Data supplied.

lemma rho_le_powr:
  fixes b :: real
  assumes b: "0 < b" "b \<le> 1" and j: "j \<ge> 1"
  shows "rho b j \<le> real j powr (b - 1) / Gamma b"
proof -
  have "b \<notin> \<int>\<^sub>\<le>\<^sub>0"
    using b by (auto elim!: nonpos_Ints_cases)
  then have "rho b j = Gamma (real j + b) / Gamma b / fact j"
    by (simp add: rho_eq_pochhammer pochhammer_Gamma add.commute)
  also have "fact j = real j * Gamma (real j)"
    using j Gamma_fact[of "j - 1", where 'a = real] by (cases j) (auto simp: add.commute)
  also have "Gamma (real j + b) / Gamma b / (real j * Gamma (real j))
      \<le> Gamma (real j) * real j powr b / Gamma b / (real j * Gamma (real j))"
    using Gamma_add_le_powr[of "real j" b] Gamma_real_pos[of b] Gamma_real_pos[of "real j"] b j
    by (intro divide_right_mono) auto
  also have "\<dots> = real j powr (b - 1) / Gamma b"
  proof -
    have "Gamma (real j) \<noteq> 0"
      using j by (intro less_imp_neq[symmetric] Gamma_real_pos) simp
    then show ?thesis
      using j by (simp add: powr_diff)
  qed
  finally show ?thesis .
qed

lemma has_integral_powr_Beta:
  fixes N a b :: real
  assumes N: "N > 0" and a: "a \<ge> 0" and b: "b > 0"
  shows "((\<lambda>s. (N - s) powr (b - 1) * s powr a) has_integral N powr (a + b) * Beta (a + 1) b) {0..N}"
proof -
  have "((\<lambda>t. t powr a * (1 - t) powr (b - 1)) has_integral Beta (a + 1) b) {0..1}"
    using has_integral_Beta_real[of "a + 1" b] a b by simp
  from has_integral_stretch_real[OF this, of "1 / N"] N
  have "((\<lambda>s. (s / N) powr a * (1 - s / N) powr (b - 1)) has_integral N * Beta (a + 1) b)
      ((\<lambda>s. s / (1 / N)) ` {0..1})"
    by simp
  moreover have "(\<lambda>s. s / (1 / N)) ` {0..1} = {0..N}"
    using N by (auto simp: image_iff intro!: bexI[of _ "_ / N"] simp: field_simps)
  ultimately have "((\<lambda>s. N powr (a + b - 1) * ((s / N) powr a * (1 - s / N) powr (b - 1)))
      has_integral N powr (a + b - 1) * (N * Beta (a + 1) b)) {0..N}"
    by (intro has_integral_mult_right) simp
  moreover have "N powr (a + b - 1) * ((s / N) powr a * (1 - s / N) powr (b - 1))
      = (N - s) powr (b - 1) * s powr a" if "s \<in> {0..N}" for s
  proof -
    have "1 - s / N = (N - s) / N"
      using N by (simp add: field_simps)
    then have "(s / N) powr a * (1 - s / N) powr (b - 1)
        = s powr a / N powr a * ((N - s) powr (b - 1) / N powr (b - 1))"
      using that N by (simp add: powr_divide)
    moreover have "N powr (a + b - 1) = N powr a * N powr (b - 1)"
      using powr_add[of N a "b - 1"] by (simp add: algebra_simps)
    ultimately show ?thesis
      using N by (simp add: field_simps)
  qed
  moreover have "N powr (a + b - 1) * (N * Beta (a + 1) b) = N powr (a + b) * Beta (a + 1) b"
    using N by (simp add: powr_diff field_simps)
  ultimately show ?thesis
    using has_integral_cong by (metis (no_types, lifting))
qed

lemma sum_le_integral_mono:
  fixes f :: "real \<Rightarrow> real"
  assumes "f integrable_on {0..real n}"
    and "\<And>s t. 0 \<le> s \<Longrightarrow> s \<le> t \<Longrightarrow> t < real n \<Longrightarrow> f s \<le> f t"
  shows "(\<Sum>k<n. f (real k)) \<le> integral {0..real n} f"
  using assms
proof (induction n)
  case 0
  then show ?case by simp
next
  case (Suc n)
  have int_n: "f integrable_on {0..real n}"
    by (rule integrable_on_subinterval[OF Suc.prems(1)]) auto
  have int_step: "f integrable_on {real n..real n + 1}"
    by (rule integrable_on_subinterval[OF Suc.prems(1)]) auto
  \<comment> \<open>f is bounded below by f n on [n, n+1) and the endpoint n+1 is negligible\<close>
  have spiked: "((\<lambda>s. if s = real n + 1 then f (real n) else f s) has_integral integral {real n..real n + 1} f)
      {real n..real n + 1}"
    by (rule has_integral_spike_finite[of "{real n + 1}" _ _ f]) (use int_step in auto)
  have lower: "f (real n) \<le> (if s = real n + 1 then f (real n) else f s)" if "s \<in> {real n..real n + 1}" for s
    using that Suc.prems(2)[of "real n" s] by auto
  have step: "f (real n) \<le> integral {real n..real n + 1} f"
    using has_integral_le[OF _ spiked lower] has_integral_const_real[of "f (real n)" "real n" "real n + 1"]
    by simp
  have "(\<Sum>k<Suc n. f (real k)) \<le> integral {0..real n} f + integral {real n..real n + 1} f"
    using Suc.IH[OF int_n] Suc.prems(2) step by fastforce
  also have "\<dots> = integral {0..real (Suc n)} f"
    using Henstock_Kurzweil_Integration.integral_combine[OF _ _ Suc.prems(1), of "real n"]
    by (simp add: add.commute)
  finally show ?case .
qed

lemma sum_powr_le_Beta:
  fixes a b :: real
  assumes n: "n \<ge> 1" and a: "a \<ge> 0" and b: "0 < b" "b < 1"
  shows "(\<Sum>i\<in>{1..<n}. real i powr (b - 1) * real (n - i) powr a) \<le> real n powr (a + b) * Beta (a + 1) b"
proof -
  define f where "f s = (real n - s) powr (b - 1) * s powr a" for s
  have f_int: "(f has_integral real n powr (a + b) * Beta (a + 1) b) {0..real n}"
    unfolding f_def using n a b by (intro has_integral_powr_Beta) auto
  have f_mono: "f s \<le> f t" if "0 \<le> s" "s \<le> t" "t < real n" for s t
    unfolding f_def using that a b
    by (intro mult_mono powr_mono2' powr_mono2) auto
  have "(\<Sum>i\<in>{1..<n}. real i powr (b - 1) * real (n - i) powr a) = (\<Sum>k\<in>{1..<n}. f (real k))"
    by (subst sum.atLeastLessThan_rev) (auto simp: f_def intro!: sum.cong)
  also have "\<dots> \<le> (\<Sum>k<n. f (real k))"
    by (rule sum_mono2) (auto simp: f_def)
  also have "\<dots> \<le> integral {0..real n} f"
    using f_int f_mono by (intro sum_le_integral_mono) auto
  also have "\<dots> = real n powr (a + b) * Beta (a + 1) b"
    using f_int by (rule integral_unique)
  finally show ?thesis .
qed

text \<open>
  Discrete counterpart of the Riemann-Liouville identity
  I^b (t^(l b) / Gamma (1 + l b)) = t^((l+1) b) / Gamma (1 + (l+1) b).
\<close>
lemma rho_convolution_powr_le:
  fixes b \<tau> :: real
  assumes b: "0 < b" "b < 1" and n: "n \<ge> 1" and \<tau>: "\<tau> > 0"
  shows "\<tau> powr b * (\<Sum>i\<in>{1..<n}. rho b i * ((real (n - i) * \<tau>) powr b) ^ l / Gamma (1 + real l * b))
         \<le> ((real n * \<tau>) powr b) ^ Suc l / Gamma (1 + real (Suc l) * b)"
proof -
  define a where "a = b * real l"
  have a: "a \<ge> 0"
    using b by (simp add: a_def)
  have power_eq: "((x * \<tau>) powr b) ^ m = x powr (b * real m) * \<tau> powr (b * real m)"
    if "x > 0" for x m
    using that \<tau> by (simp add: powr_powr powr_mult flip: powr_realpow)
  have "(\<Sum>i\<in>{1..<n}. rho b i * ((real (n - i) * \<tau>) powr b) ^ l)
      = (\<Sum>i\<in>{1..<n}. rho b i * real (n - i) powr a) * \<tau> powr a"
    by (simp add: power_eq a_def sum_distrib_right mult.assoc)
  also have "\<dots> \<le> (\<Sum>i\<in>{1..<n}. real i powr (b - 1) / Gamma b * real (n - i) powr a) * \<tau> powr a"
    using b by (intro mult_right_mono sum_mono mult_right_mono rho_le_powr) auto
  also have "\<dots> \<le> real n powr (a + b) * Beta (a + 1) b / Gamma b * \<tau> powr a"
    using sum_powr_le_Beta[OF n a b] b
    by (intro mult_right_mono) (auto simp: sum_divide_distrib[symmetric] divide_right_mono)
  also have "\<dots> = real n powr (a + b) * \<tau> powr a * Gamma (a + 1) / Gamma (a + 1 + b)"
    using b by (auto simp: Beta_def field_simps Gamma_eq_zero_iff)
  finally have convolution_le:
    "(\<Sum>i\<in>{1..<n}. rho b i * ((real (n - i) * \<tau>) powr b) ^ l)
      \<le> real n powr (a + b) * \<tau> powr a * Gamma (a + 1) / Gamma (a + 1 + b)" .
  have "\<tau> powr b * (\<Sum>i\<in>{1..<n}. rho b i * ((real (n - i) * \<tau>) powr b) ^ l / Gamma (1 + real l * b))
      = \<tau> powr b / Gamma (a + 1) * (\<Sum>i\<in>{1..<n}. rho b i * ((real (n - i) * \<tau>) powr b) ^ l)"
    by (simp add: sum_divide_distrib[symmetric] a_def add.commute mult.commute)
  also have "\<dots> \<le> \<tau> powr b / Gamma (a + 1) * (real n powr (a + b) * \<tau> powr a * Gamma (a + 1) / Gamma (a + 1 + b))"
    using a by (intro mult_left_mono[OF convolution_le]) simp
  also have "\<dots> = real n powr (a + b) * \<tau> powr (a + b) / Gamma (a + 1 + b)"
    using a by (auto simp: powr_add field_simps Gamma_eq_zero_iff)
  also have "\<dots> = ((real n * \<tau>) powr b) ^ Suc l / Gamma (1 + real (Suc l) * b)"
    using power_eq[of "real n" "Suc l"] n by (simp add: a_def algebra_simps)
  finally show ?thesis .
qed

Work instructions. Your reply should consist of one number: how many lines in the entries contain the string "rule".

Finished exercise. 5